New benchmark from ARC-AGI uses puzzles to test for general intelligence

The new benchmark uses block puzzle games to test for AGI, Artificial General Intelligence. — ARC-AGI-3 uses never before seen games to see how good AI is at solving puzzles on the fly. (Picture: Screenshot)

While the other benchmarks from the organization tests for knowledge and competence against humans, the ARC-AGI-3 uses simple games for testing human-like AGI, or Artificial General Intelligence – that some are calling «Superintelligence.»

The test games are easy for humans but exceedingly difficult for machines, and starts out with a 100% score for humans and 0% for AIs tested.

The games themselves are just simple blocks on the screen, and give no description of what the goals are, how to beat it or even instruction on how it works, both humans and AIs have to figure this out themselves.

Humans can solve it intuitively and congitively, but machines get stuck in a loop – so far.

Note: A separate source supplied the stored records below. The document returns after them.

(* Every $C^k$ split map $\Phi$ of the split annulus $\mathbf A$ to itself is of the form $\Phi(x,y)=(\varphi(x),\varphi(y))$, where $\varphi$ is a $C^k$ diffeomorphism of $\mathbf{RP}^1$ (a homeomorphism if $k=0$). Moreover, $\Phi$ is an isometry of $(\mathbf A,g_0)$ if and only if $\varphi$ is projective.
   Context: $\mathbf A=(\mathbf{RP}^1\times\mathbf{RP}^1)\setminus\Delta$ ($\Delta$ the diagonal) with split structure $(\mathcal L_1,\mathcal L_2)$, where $\mathcal L_i$ is the foliation by fibers of the projection to the $i$-th factor. A split map of $\mathbf A$ is a homeomorphism of $\mathbf A$ mapping each leaf of $\mathcal L_1$ onto a leaf of $\mathcal L_1$ and each leaf of $\mathcal L_2$ onto a leaf of $\mathcal L_2$; a $C^k$ split map is one that is moreover a $C^k$ diffeomorphism. $g_0$ is the de Sitter metric, $g_0=\frac{2\,\mathrm dx\,\mathrm dy}{(x-y)^2}$ in any affine chart. *)

theory Defs
  imports "HOL-Analysis.Analysis"
begin

primrec Ck :: "nat \<Rightarrow> ('a::real_normed_vector \<Rightarrow> 'b::real_normed_vector) \<Rightarrow> 'a set \<Rightarrow> bool" where
  "Ck 0 f S = continuous_on S f"
| "Ck (Suc n) f S = ((\<forall>x\<in>S. f differentiable (at x)) \<and>
                      (\<forall>v. Ck n (\<lambda>x. frechet_derivative f (at x) v) S))"

text \<open>A point of RP^1 is modelled as an element of real option: Some x is the line [x:1],
  None is the point at infinity [1:0].\<close>
type_synonym rp1 = "real option"
lemma closed_law_support:
  assumes "finite_measure M" "X \<in> borel_measurable M"
  shows "closed (law_support M X)"
  unfolding closed_sequential_limits
proof (intro allI impI, elim conjE)
  fix x :: "nat \<Rightarrow> real" and l
  assume x: "\<forall>n. x n \<in> law_support M X" and "x \<longlonglongrightarrow> l"
  have "0 < measure M {\<omega> \<in> space M. X \<omega> \<in> {l - \<epsilon> <..< l + \<epsilon>}}" if "\<epsilon> > 0" for \<epsilon>
  proof -
    from tendstoD[OF \<open>x \<longlonglongrightarrow> l\<close>, of "\<epsilon> / 2"] \<open>\<epsilon> > 0\<close>
    obtain n where n: "dist (x n) l < \<epsilon> / 2"
      by (auto simp: eventually_sequentially)
    have "0 < measure M {\<omega> \<in> space M. X \<omega> \<in> {x n - \<epsilon> / 2 <..< x n + \<epsilon> / 2}}"
      using x \<open>\<epsilon> > 0\<close> by (simp add: law_support_def)
    also have "\<dots> \<le> measure M {\<omega> \<in> space M. X \<omega> \<in> {l - \<epsilon> <..< l + \<epsilon>}}"
    proof (rule finite_measure.finite_measure_mono[OF assms(1)])
      have "l - \<epsilon> < x n - \<epsilon> / 2" "x n + \<epsilon> / 2 < l + \<epsilon>"
        using n unfolding dist_real_def abs_less_iff by linarith+
      then show "{\<omega> \<in> space M. X \<omega> \<in> {x n - \<epsilon> / 2 <..< x n + \<epsilon> / 2}}
          \<subseteq> {\<omega> \<in> space M. X \<omega> \<in> {l - \<epsilon> <..< l + \<epsilon>}}"
        by auto
      show "{\<omega> \<in> space M. X \<omega> \<in> {l - \<epsilon> <..< l + \<epsilon>}} \<in> sets M"
        using assms(2) by measurable
    qed
    finally show ?thesis .
  qed
  then show "l \<in> law_support M X" by (simp add: law_support_def)
qed

lemma law_support_subset_closure_range: "law_support M X \<subseteq> closure (X ` space M)"
proof
  fix \<gamma> assume \<gamma>: "\<gamma> \<in> law_support M X"
  show "\<gamma> \<in> closure (X ` space M)"
    unfolding closure_approachable
  proof (intro allI impI)
    fix e :: real assume "e > 0"
    with \<gamma> have "0 < measure M {\<omega> \<in> space M. X \<omega> \<in> {\<gamma> - e <..< \<gamma> + e}}"
      by (simp add: law_support_def)
    then obtain \<omega> where "\<omega> \<in> space M" "X \<omega> \<in> {\<gamma> - e <..< \<gamma> + e}"
      by (metis (no_types, lifting) Collect_empty_eq less_irrefl measure_empty)
    then show "\<exists>y\<in>X ` space M. dist y \<gamma> < e"
      by (intro bexI[where x="X \<omega>"]) (auto simp: dist_real_def abs_less_iff)
  qed
qed

lemma phi_cong:
  assumes "\<And>s. s \<in> {0..t} \<Longrightarrow> f s = g s"
  shows "phi lam kap mu t f = phi lam kap mu t g"
  unfolding phi_def
proof (rule integral_cong)
  fix s assume s: "s \<in> {0..t}"
  then have "integral {s..t} (\<lambda>r. mu (f r)) = integral {s..t} (\<lambda>r. mu (g r))"
    using assms by (intro integral_cong) auto
  with assms[OF s] show "lam (f s) * exp (- kap (f s) * integral {s..t} (\<lambda>r. mu (f r))) =
      lam (g s) * exp (- kap (g s) * integral {s..t} (\<lambda>r. mu (g r)))"
    by simp
qed

text \<open>The Lebesgue-integral form of \<open>phi\<close>: it is what makes \<open>phi\<close> measurable in the sample
  point and amenable to dominated convergence.\<close>
definition phi_lebesgue :: "('e \<Rightarrow> real) \<Rightarrow> ('e \<Rightarrow> real) \<Rightarrow> ('e \<Rightarrow> real) \<Rightarrow> real
    \<Rightarrow> (real \<Rightarrow> 'e) \<Rightarrow> real" where
  "phi_lebesgue lam kap mu t f =
     (LINT s:{0..t}|lborel. lam (f s) * exp (- kap (f s) * (LINT r:{s..t}|lborel. mu (f r))))"

lemma borel_measurable_phi_integrand_pair:
  fixes F :: "'a \<Rightarrow> real \<Rightarrow> 'e::topological_space" and lam kap mu :: "'e \<Rightarrow> real"
  assumes F: "(\<lambda>(\<omega>, s). F \<omega> s) \<in> N \<Otimes>\<^sub>M lborel \<rightarrow>\<^sub>M borel"
    and [measurable]: "lam \<in> borel_measurable borel" "kap \<in> borel_measurable borel" "mu \<in> borel_measurable borel"
  shows "(\<lambda>(\<omega>, s). lam (F \<omega> s) * exp (- kap (F \<omega> s) * (LINT r:{s..t}|lborel. mu (F \<omega> r))))
    \<in> borel_measurable (N \<Otimes>\<^sub>M lborel)"
proof -
  have [measurable]: "(\<lambda>x. F (fst x) (snd x)) \<in> N \<Otimes>\<^sub>M lborel \<rightarrow>\<^sub>M borel"
    using F by (simp add: case_prod_beta')
  have "(\<lambda>(\<omega>, s). LINT r:{s..t}|lborel. mu (F \<omega> r)) \<in> borel_measurable (N \<Otimes>\<^sub>M lborel)"
    using borel_measurable_set_integral_Icc_param[of "\<lambda>x. mu (F (fst x) (snd x))"] by simp
  then have [measurable]: "(\<lambda>x. LINT r:{snd x..t}|lborel. mu (F (fst x) r)) \<in> borel_measurable (N \<Otimes>\<^sub>M lborel)"
    by (simp add: case_prod_beta')
  show ?thesis unfolding case_prod_beta' by measurable
qed
(* Let $G$ be a connected graph that is not a path, not a cycle, and not the claw graph $K_{1,3}$. Then $L^n(G)$ is not representable for every integer $n \geqslant 4$.
   Context: All graphs are finite and simple. For a word $W$ over an alphabet, two distinct letters $x,y$ alternate in $W$ if both occur in $W$ and, after erasing all other letters from $W$, one obtains a word of the form $xyxy\ldots$ or $yxyx\ldots$ (an alternating word of any length). A graph $G=(V,E)$ is representable if there exists a word $W$ over the alphabet $V$ in which every vertex occurs, such that for all distinct $x,y\in V$, the letters $x$ and $y$ alternate in $W$ if and only if $(x,y)\in E$. The line graph $L(G)$ of a graph $G$ has the edges of $G$ as vertices, two of them being adjacent in $L(G)$ iff they share an endpoint in $G$. $L^n(G)$ denotes the graph obtained from $G$ by applying the line graph operation $n$ times. *)

theory Defs
  imports Main "HOL-Library.FSet"
begin

type_synonym 'v graph = "'v set \<times> 'v set set"

definition simple_graph :: "'v graph \<Rightarrow> bool" where
  "simple_graph G \<longleftrightarrow> finite (fst G) \<and>
     (\<forall>e\<in>snd G. \<exists>x y. x \<in> fst G \<and> y \<in> fst G \<and> x \<noteq> y \<and> e = {x, y})"

inductive reach :: "'v graph \<Rightarrow> 'v \<Rightarrow> 'v \<Rightarrow> bool" for G where
  refl: "x \<in> fst G \<Longrightarrow> reach G x x"
| step: "reach G x y \<Longrightarrow> {y, z} \<in> snd G \<Longrightarrow> reach G x z"

definition connected_graph :: "'v graph \<Rightarrow> bool" where
  "connected_graph G \<longleftrightarrow> fst G \<noteq> {} \<and> (\<forall>x\<in>fst G. \<forall>y\<in>fst G. reach G x y)"

definition is_path_graph :: "'v graph \<Rightarrow> bool" where
  "is_path_graph G \<longleftrightarrow> (\<exists>n f. n \<ge> 1 \<and> bij_betw f {0..<n} (fst G) \<and>
      snd G = {{f i, f (Suc i)} | i. Suc i < n})"

definition is_cycle_graph :: "'v graph \<Rightarrow> bool" where
  "is_cycle_graph G \<longleftrightarrow> (\<exists>n f. n \<ge> 3 \<and> bij_betw f {0..<n} (fst G) \<and>
      snd G = {{f i, f ((Suc i) mod n)} | i. i < n})"

definition is_claw :: "'v graph \<Rightarrow> bool" where
  "is_claw G \<longleftrightarrow> (\<exists>c a b d. distinct [c, a, b, d] \<and> fst G = {c, a, b, d} \<and>
      snd G = {{c, a}, {c, b}, {c, d}})"

definition alternate :: "'v list \<Rightarrow> 'v \<Rightarrow> 'v \<Rightarrow> bool" where
  "alternate W x y \<longleftrightarrow> x \<in> set W \<and> y \<in> set W \<and>
     (let w = filter (\<lambda>z. z = x \<or> z = y) W in
        \<forall>i. Suc i < length w \<longrightarrow> w ! i \<noteq> w ! Suc i)"

definition representable :: "'v graph \<Rightarrow> bool" where
  "representable G \<longleftrightarrow> (\<exists>W. set W = fst G \<and>
     (\<forall>x\<in>fst G. \<forall>y\<in>fst G. x \<noteq> y \<longrightarrow> (alternate W x y \<longleftrightarrow> {x, y} \<in> snd G)))"

text \<open>To iterate the line graph operation within one type, vertices live in a
universe: original vertices are Leaf v, and an edge e (a finite 2-set) of a
graph becomes the vertex Node e of its line graph.\<close>
datatype 'a gv = Leaf 'a | Node "'a gv fset"

definition line_graph :: "'a gv graph \<Rightarrow> 'a gv graph" where
  "line_graph G = ((\<lambda>e. Node (Abs_fset e)) ` snd G,
     {{Node (Abs_fset e), Node (Abs_fset f)} | e f.
        e \<in> snd G \<and> f \<in> snd G \<and> e \<noteq> f \<and> e \<inter> f \<noteq> {}})"

definition embed_graph :: "'a graph \<Rightarrow> 'a gv graph" where
  "embed_graph G = (Leaf ` fst G, (\<lambda>e. Leaf ` e) ` snd G)"
(* Let $k \in \mathbb{Z}_{\geq 0}$ and let $\gamma_X = (X, d_X(\cdot))$ be a $(2k+2)$-DMS. Put $\mathbb{V} = H_k(\mathcal{R}^{\mathrm{lev}}(\gamma_X)) : \mathbf{Dyn} \to \mathbf{Vec}$. Then for any $p, q \in \operatorname{supp} \mathbb{V}$ with $p \leq q$, we have $\mathcal{R}^{\mathrm{lev}}(\gamma_X)(p) = \mathcal{R}^{\mathrm{lev}}(\gamma_X)(q)$ as abstract simplicial complexes, and the structure map $\mathbb{V}(p \leq q)$ is an isomorphism.
   Context: A dynamic metric space (DMS) $\gamma_X = (X, d_X(\cdot))$ is a finite set $X$ with a function $d_X : \mathbb{R} \times X \times X \to \mathbb{R}_{\geq 0}$ such that for each $t$, $d_X(t)$ is a pseudometric on $X$, and for each $x,x'$ the map $t \mapsto d_X(t)(x,x')$ is continuous. An $n$-DMS is a DMS with $|X| = n$. For a compact interval $I \subset \mathbb{R}$, $d_X(I)(x,x') := \inf_{t \in I} d_X(t)(x,x')$; this is a semimetric (symmetric, zero on the diagonal). For a semimetric $d$ on $X$ and $\delta \geq 0$, the Rips complex $\mathcal{R}_\delta(d)$ is the abstract simplicial complex on $X$ whose simplices are the finite nonempty $\sigma \subseteq X$ with $d(x,y) \leq \delta$ for all $x,y \in \sigma$. $\mathbf{Dyn}$ is the poset of pairs $(I,\delta)$ with $I$ a compact interval of $\mathbb{R}$ and $\delta \ge 0$, ordered by $(I,\delta) \leq (I',\delta')$ iff $I \subseteq I'$ and $\delta \leq \delta'$. The spatiotemporal Rips filtration $\mathcal{R}^{\mathrm{lev}}(\gamma_X) : \mathbf{Dyn} \to \mathbf{Simp}$ sends $(I,\delta)$ to $\mathcal{R}_\delta(d_X(I))$ and relations to inclusions; $H_k(\mathcal{R}^{\mathrm{lev}}(\gamma_X))$ is its composition with degree-$k$ simplicial homology over a fixed field $\mathbb{F}$. For such a $(2k+2)$-DMS, each $\mathbb{V}(p)$ has dimension $0$ or $1$, and $\operatorname{supp}\mathbb{V} := \{p \in \mathbf{Dyn} : \mathbb{V}(p) \cong \mathbb{F}\}$. *)

theory Defs
  imports "HOL-Analysis.Analysis"
begin

definition pseudometric_on :: "'v set \<Rightarrow> ('v \<Rightarrow> 'v \<Rightarrow> real) \<Rightarrow> bool" where
  "pseudometric_on X d \<longleftrightarrow>
     (\<forall>x\<in>X. d x x = 0) \<and>
     (\<forall>x\<in>X. \<forall>y\<in>X. 0 \<le> d x y \<and> d x y = d y x) \<and>
     (\<forall>x\<in>X. \<forall>y\<in>X. \<forall>z\<in>X. d x z \<le> d x y + d y z)"

definition is_DMS :: "'v set \<Rightarrow> (real \<Rightarrow> 'v \<Rightarrow> 'v \<Rightarrow> real) \<Rightarrow> bool" where
  "is_DMS X d \<longleftrightarrow> finite X \<and> (\<forall>t. pseudometric_on X (d t)) \<and>
     (\<forall>x\<in>X. \<forall>y\<in>X. continuous_on UNIV (\<lambda>t. d t x y))"

text \<open>An element ((a,b),delta) stands for the pair ([a,b], delta).\<close>
type_synonym dyn = "(real \<times> real) \<times> real"

definition dyn_point :: "dyn \<Rightarrow> bool" where
  "dyn_point p \<longleftrightarrow> fst (fst p) \<le> snd (fst p) \<and> 0 \<le> snd p"

definition dyn_le :: "dyn \<Rightarrow> dyn \<Rightarrow> bool" where
  "dyn_le p q \<longleftrightarrow> {fst (fst p)..snd (fst p)} \<subseteq> {fst (fst q)..snd (fst q)} \<and> snd p \<le> snd q"

definition interval_dist :: "(real \<Rightarrow> 'v \<Rightarrow> 'v \<Rightarrow> real) \<Rightarrow> real \<Rightarrow> real \<Rightarrow> 'v \<Rightarrow> 'v \<Rightarrow> real" where
  "interval_dist d a b x y = Inf ((\<lambda>t. d t x y) ` {a..b})"

definition rips :: "'v set \<Rightarrow> ('v \<Rightarrow> 'v \<Rightarrow> real) \<Rightarrow> real \<Rightarrow> 'v set set" where
  "rips X D \<delta> = {\<sigma>. \<sigma> \<subseteq> X \<and> finite \<sigma> \<and> \<sigma> \<noteq> {} \<and> (\<forall>x\<in>\<sigma>. \<forall>y\<in>\<sigma>. D x y \<le> \<delta>)}"

definition rips_lev :: "'v set \<Rightarrow> (real \<Rightarrow> 'v \<Rightarrow> 'v \<Rightarrow> real) \<Rightarrow> dyn \<Rightarrow> 'v set set" where
  "rips_lev X d p = rips X (interval_dist d (fst (fst p)) (snd (fst p))) (snd p)"

text \<open>Simplices are oriented by the linear order on vertices. An n-chain with
  coefficients in the field 'a is a function on simplices supported on the
  n-simplices (cardinality n+1) of K.\<close>

definition chains :: "'a::field itself \<Rightarrow> 'v set set \<Rightarrow> nat \<Rightarrow> ('v set \<Rightarrow> 'a) set" where
  "chains F K n = {c. \<forall>\<sigma>. c \<sigma> \<noteq> 0 \<longrightarrow> \<sigma> \<in> K \<and> card \<sigma> = Suc n}"

text \<open>Boundary of an n-chain: the face of sorted simplex [v_0,...,v_n] omitting v_i
  gets sign (-1)^i.\<close>
definition bd :: "'v::linorder set set \<Rightarrow> nat \<Rightarrow> ('v set \<Rightarrow> 'a::field) \<Rightarrow> 'v set \<Rightarrow> 'a" where
  "bd K n c \<tau> = (if \<tau> \<in> K \<and> card \<tau> = n then
      (\<Sum>\<sigma>\<in>{\<sigma>\<in>K. card \<sigma> = Suc n \<and> \<tau> \<subseteq> \<sigma>}.
          (-1) ^ card {w\<in>\<sigma>. w < the_elem (\<sigma> - \<tau>)} * c \<sigma>)
    else 0)"

definition cycles :: "'a::field itself \<Rightarrow> 'v::linorder set set \<Rightarrow> nat \<Rightarrow> ('v set \<Rightarrow> 'a) set" where
  "cycles F K n = {c \<in> chains F K n. bd K n c = (\<lambda>_. 0)}"

definition boundaries :: "'a::field itself \<Rightarrow> 'v::linorder set set \<Rightarrow> nat \<Rightarrow> ('v set \<Rightarrow> 'a) set" where
  "boundaries F K n = bd K (Suc n) ` chains F K (Suc n)"

text \<open>H_n(K; F) = cycles / boundaries is isomorphic to F: it is spanned by a single
  nonzero class.\<close>
definition homology_iso_field :: "'a::field itself \<Rightarrow> 'v::linorder set set \<Rightarrow> nat \<Rightarrow> bool" where
  "homology_iso_field F K n \<longleftrightarrow>
     (\<exists>z\<in>cycles F K n. z \<notin> boundaries F K n \<and>
        (\<forall>w\<in>cycles F K n. \<exists>r::'a. (\<lambda>\<sigma>. w \<sigma> - r * z \<sigma>) \<in> boundaries F K n))"

text \<open>For K a subcomplex of L, the map H_n(K) \<rightarrow> H_n(L), [z] \<mapsto> [z], induced by the
  inclusion is an isomorphism (injective and surjective).\<close>
definition induced_iso :: "'a::field itself \<Rightarrow> 'v::linorder set set \<Rightarrow> 'v set set \<Rightarrow> nat \<Rightarrow> bool" where
  "induced_iso F K L n \<longleftrightarrow>
     (\<forall>z\<in>cycles F K n. z \<in> boundaries F L n \<longrightarrow> z \<in> boundaries F K n) \<and>
     (\<forall>w\<in>cycles F L n. \<exists>z\<in>cycles F K n. (\<lambda>\<sigma>. w \<sigma> - z \<sigma>) \<in> boundaries F L n)"

definition in_supp :: "'a::field itself \<Rightarrow> 'v::linorder set \<Rightarrow> (real \<Rightarrow> 'v \<Rightarrow> 'v \<Rightarrow> real) \<Rightarrow> nat \<Rightarrow> dyn \<Rightarrow> bool" where
  "in_supp F X d k p \<longleftrightarrow> dyn_point p \<and> homology_iso_field F (rips_lev X d p) k"

end

theory Submission
  imports Defs
begin

text \<open>Both Rips complexes are flag complexes of graphs on \<open>X\<close>, the graph of \<open>p\<close> a subgraph of that
  of \<open>q\<close>. The flag complex of a graph on at most \<open>2k + 1\<close> vertices has vanishing reduced homology in
  degree \<open>k\<close>, by induction on the number of vertices: either some vertex \<open>v\<close> is adjacent to all
  others and the complex is a cone, or \<open>v\<close> has at most \<open>2k - 1\<close> neighbours, and a Mayer-Vietoris
  step combines the acyclicity of the link of \<open>v\<close> (in degree \<open>k - 1\<close>) and of the complex without \<open>v\<close>.
  Hence on \<open>2k + 2\<close> vertices, for \<open>k \<ge> 1\<close>, \<open>H\<^sub>k \<noteq> 0\<close> forces every vertex to have a non-neighbour
  (it is not a cone point) and at most one (otherwise its link has at most \<open>2k - 1\<close> vertices). So every
  vertex has exactly one non-neighbour in both graphs, and then the subgraph is the whole graph. For
  \<open>k = 0\<close>, \<open>H\<^sub>0 \<cong> F\<close> on two vertices means that they are adjacent. Equal complexes make the
  structure map the identity.\<close>

section \<open>Augmented chains on cliques\<close>

definition face_sign :: "'v::linorder set \<Rightarrow> 'v \<Rightarrow> 'a::field" where
  "face_sign \<tau> x = (-1) ^ card {w\<in>\<tau>. w < x}"
lemma kd_state_Suc_index:
  assumes basis: "herm_op_basis d \<sigma>" and spec: "\<forall>\<mu> < d^2. spectral_decomp d (\<sigma> \<mu>) (Spec \<mu>) (SP \<mu>)"
    and \<rho>: "\<rho> \<in> carrier_mat d d" and E: "\<forall>j\<in>{1..Suc m}. linear_op_map d (E j)"
    and IK: "I < d * (d * D)" "K < d * (d * D)" and D: "D = d ^ m"
  shows "kd_state d \<sigma> \<rho> E Spec SP (Suc m) $$ (I, K)
    = (\<Sum>l<d. jamiolkowski d (E (Suc m)) $$ (I div D, K div (d * D) * d + l)
        * kd_state d \<sigma> \<rho> E Spec SP m $$ (l * D + I mod D, K mod (d * D)))"
proof -
  let ?X = "\<lambda>j. ket_bra d (digit d j K) (digit d j I)"
  have d0: "0 < d" using IK by (cases d) auto
  have Em: "\<forall>j\<in>{1..m}. linear_op_map d (E j)" and F: "linear_op_map d (E (Suc m))" using E by auto
  have IK': "I < d ^ Suc (Suc m)" "K < d ^ Suc (Suc m)" using IK D by simp_all
  have "I div D div d = I div d ^ Suc m" by (simp only: D power_Suc2 div_mult2_eq)
  then have Isucc: "I div D div d = digit d (Suc m) I" using digit_top[OF IK'(1)] by simp
  have Ksucc: "K div (d * D) = digit d (Suc m) K" using digit_top[OF IK'(2)] by (simp add: D)
  have Im: "I div D mod d = digit d m I" by (simp add: D digit_def)
  have Km: "K div (d * D) < d" using Ksucc d0 by (simp add: digit_less)
  have "kd_state d \<sigma> \<rho> E Spec SP (Suc m) $$ (I, K) = mtrace (kd_chain \<rho> E ?X (Suc m))"
    using IK' by (rule kd_state_index[OF basis spec \<rho> E])
  also have "\<dots> = (\<Sum>l<d. kd_pre \<rho> E ?X m $$ (l, digit d m K)
      * E (Suc m) (ket_bra d l (digit d m I)) $$ (digit d (Suc m) I, digit d (Suc m) K))"
    by (rule mtrace_kd_chain_Suc_ket_bra) (use F kd_pre_carrier[OF \<rho> Em, of ?X] d0 in \<open>auto simp: digit_less\<close>)
  also have "\<dots> = (\<Sum>l<d. jamiolkowski d (E (Suc m)) $$ (I div D, K div (d * D) * d + l)
      * kd_state d \<sigma> \<rho> E Spec SP m $$ (l * D + I mod D, K mod (d * D)))"
  proof (intro sum.cong refl)
    fix l assume "l \<in> {..<d}"
    then have l: "l < d" by simp
    have "I div D < d * d" using IK by (simp add: less_mult_imp_div_less mult.assoc)
    moreover have "K div (d * D) * d + l < d * d" using add_mult_less_mult[OF Km l] .
    ultimately have "jamiolkowski d (E (Suc m)) $$ (I div D, K div (d * D) * d + l)
        = E (Suc m) (ket_bra d l (digit d m I)) $$ (digit d (Suc m) I, digit d (Suc m) K)"
      using l F by (simp add: jamiolkowski_index Isucc Ksucc Im)
    moreover have "kd_state d \<sigma> \<rho> E Spec SP m $$ (l * D + I mod D, K mod (d * D))
        = kd_pre \<rho> E ?X m $$ (l, digit d m K)"
      unfolding D using kd_state_index_kd_pre[OF basis spec \<rho> Em l] by simp
    ultimately show "kd_pre \<rho> E ?X m $$ (l, digit d m K)
        * E (Suc m) (ket_bra d l (digit d m I)) $$ (digit d (Suc m) I, digit d (Suc m) K)
      = jamiolkowski d (E (Suc m)) $$ (I div D, K div (d * D) * d + l)
        * kd_state d \<sigma> \<rho> E Spec SP m $$ (l * D + I mod D, K mod (d * D))"
      by simp
  qed
  finally show ?thesis .
qed

lemma kd_state_Suc:
  assumes basis: "herm_op_basis d \<sigma>" and spec: "\<forall>\<mu> < d^2. spectral_decomp d (\<sigma> \<mu>) (Spec \<mu>) (SP \<mu>)"
    and \<rho>: "\<rho> \<in> carrier_mat d d" and E: "\<forall>j\<in>{1..Suc m}. linear_op_map d (E j)"
  shows "kd_state d \<sigma> \<rho> E Spec SP (Suc m)
    = star d (jamiolkowski d (E (Suc m))) (kd_state d \<sigma> \<rho> E Spec SP m)" (is "?L = ?R")
proof (rule eq_matI)
  have U: "kd_state d \<sigma> \<rho> E Spec SP m \<in> carrier_mat (d * d ^ m) (d * d ^ m)"
    using kd_state_carrier by simp
  note S = star_carrier[OF jamiolkowski_carrier[of d "E (Suc m)"] U]
  then show "dim_row ?L = dim_row ?R" and "dim_col ?L = dim_col ?R"
    using kd_state_carrier[of d \<sigma> \<rho> E Spec SP "Suc m"] by auto
  fix I K assume "I < dim_row ?R" "K < dim_col ?R"
  then have IK: "I < d * (d * d ^ m)" "K < d * (d * d ^ m)" using S by auto
  then have "0 < d" by (cases d) auto
  with IK show "?L $$ (I, K) = ?R $$ (I, K)"
    by (simp add: kd_state_Suc_index[OF basis spec \<rho> E IK refl] star_index[OF jamiolkowski_carrier U])
qed

theorem theorem4:
  fixes d n :: nat
    and \<rho> :: "complex mat"
    and E :: "nat \<Rightarrow> complex mat \<Rightarrow> complex mat"
    and \<sigma> :: "nat \<Rightarrow> complex mat"
    and Spec :: "nat \<Rightarrow> real set"
    and SP :: "nat \<Rightarrow> real \<Rightarrow> complex mat"
  assumes rho: "density_op d \<rho>"
    and chans: "\<forall>j. 1 \<le> j \<and> j \<le> n \<longrightarrow> cptp d (E j)"
    and basis: "herm_op_basis d \<sigma>"
    and spec: "\<forall>\<mu> < d^2. spectral_decomp d (\<sigma> \<mu>) (Spec \<mu>) (SP \<mu>)"
  shows "kd_state d \<sigma> \<rho> E Spec SP 0 = \<rho> \<and>
         (\<forall>k. 1 \<le> k \<and> k \<le> n \<longrightarrow>
            kd_state d \<sigma> \<rho> E Spec SP k
              = star d (jamiolkowski d (E k)) (kd_state d \<sigma> \<rho> E Spec SP (k - 1)))"
proof (intro conjI allI impI)
  have \<rho>: "\<rho> \<in> carrier_mat d d" using rho unfolding density_op_def psd_def by simp
  then show "kd_state d \<sigma> \<rho> E Spec SP 0 = \<rho>" by (rule kd_state_0[OF basis spec])
  fix k assume k: "1 \<le> k \<and> k \<le> n"
  then obtain m where m: "k = Suc m" by (cases k) auto
  have "\<forall>j\<in>{1..Suc m}. linear_op_map d (E j)" using chans k m unfolding cptp_def by auto
  then show "kd_state d \<sigma> \<rho> E Spec SP k
      = star d (jamiolkowski d (E k)) (kd_state d \<sigma> \<rho> E Spec SP (k - 1))"
    unfolding m using kd_state_Suc[OF basis spec \<rho>] by simp
qed

end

New and random games to solve
The benchmark is described as a «set of hand-crafted novel environments that are designed to test the skill-acquisition efficiency of artificial systems.»

That basically means that the games are new each time and cannot be, well, gamed, or learned about beforehand. And that the AIs will need to learn the games on the fly, acquiring new skills in the process.

To win in the games, AI models will have to demonstrate intelligence over time, think through extended trajectories, use memory functions, self-reflection, and will have to execute plans within the game.

A break from tradition
— Traditionally, to measure intelligence, static benchmarks have been the yardstick, but they do not have the bandwidth required to measure the full spectrum of intelligence, they say on the website.

The benchmark provides a «rich medium to test experience-driven competence,» they say, and that until it is solved — «we do not have AGI.»

First game already solved by ChatGPT Agent?
X.com user Zhiqing Sun claims to have used ChatGPT Agent to solve the first puzzle already, whereas ChatGPT o3 and Grok 4 struggle greatly and cannot complete a single level:

just tried and the agent solved level 1 in its own browser lol. thanks for creating the benchmark! https://t.co/4DnRc9l3T7 pic.twitter.com/n4jGhsrE2n

— Zhiqing Sun (@EdwardSun0909) July 18, 2025

Read more: Launch page for ARC-AGI-3, where you can also play the games yourself. Discussion on r/singularity.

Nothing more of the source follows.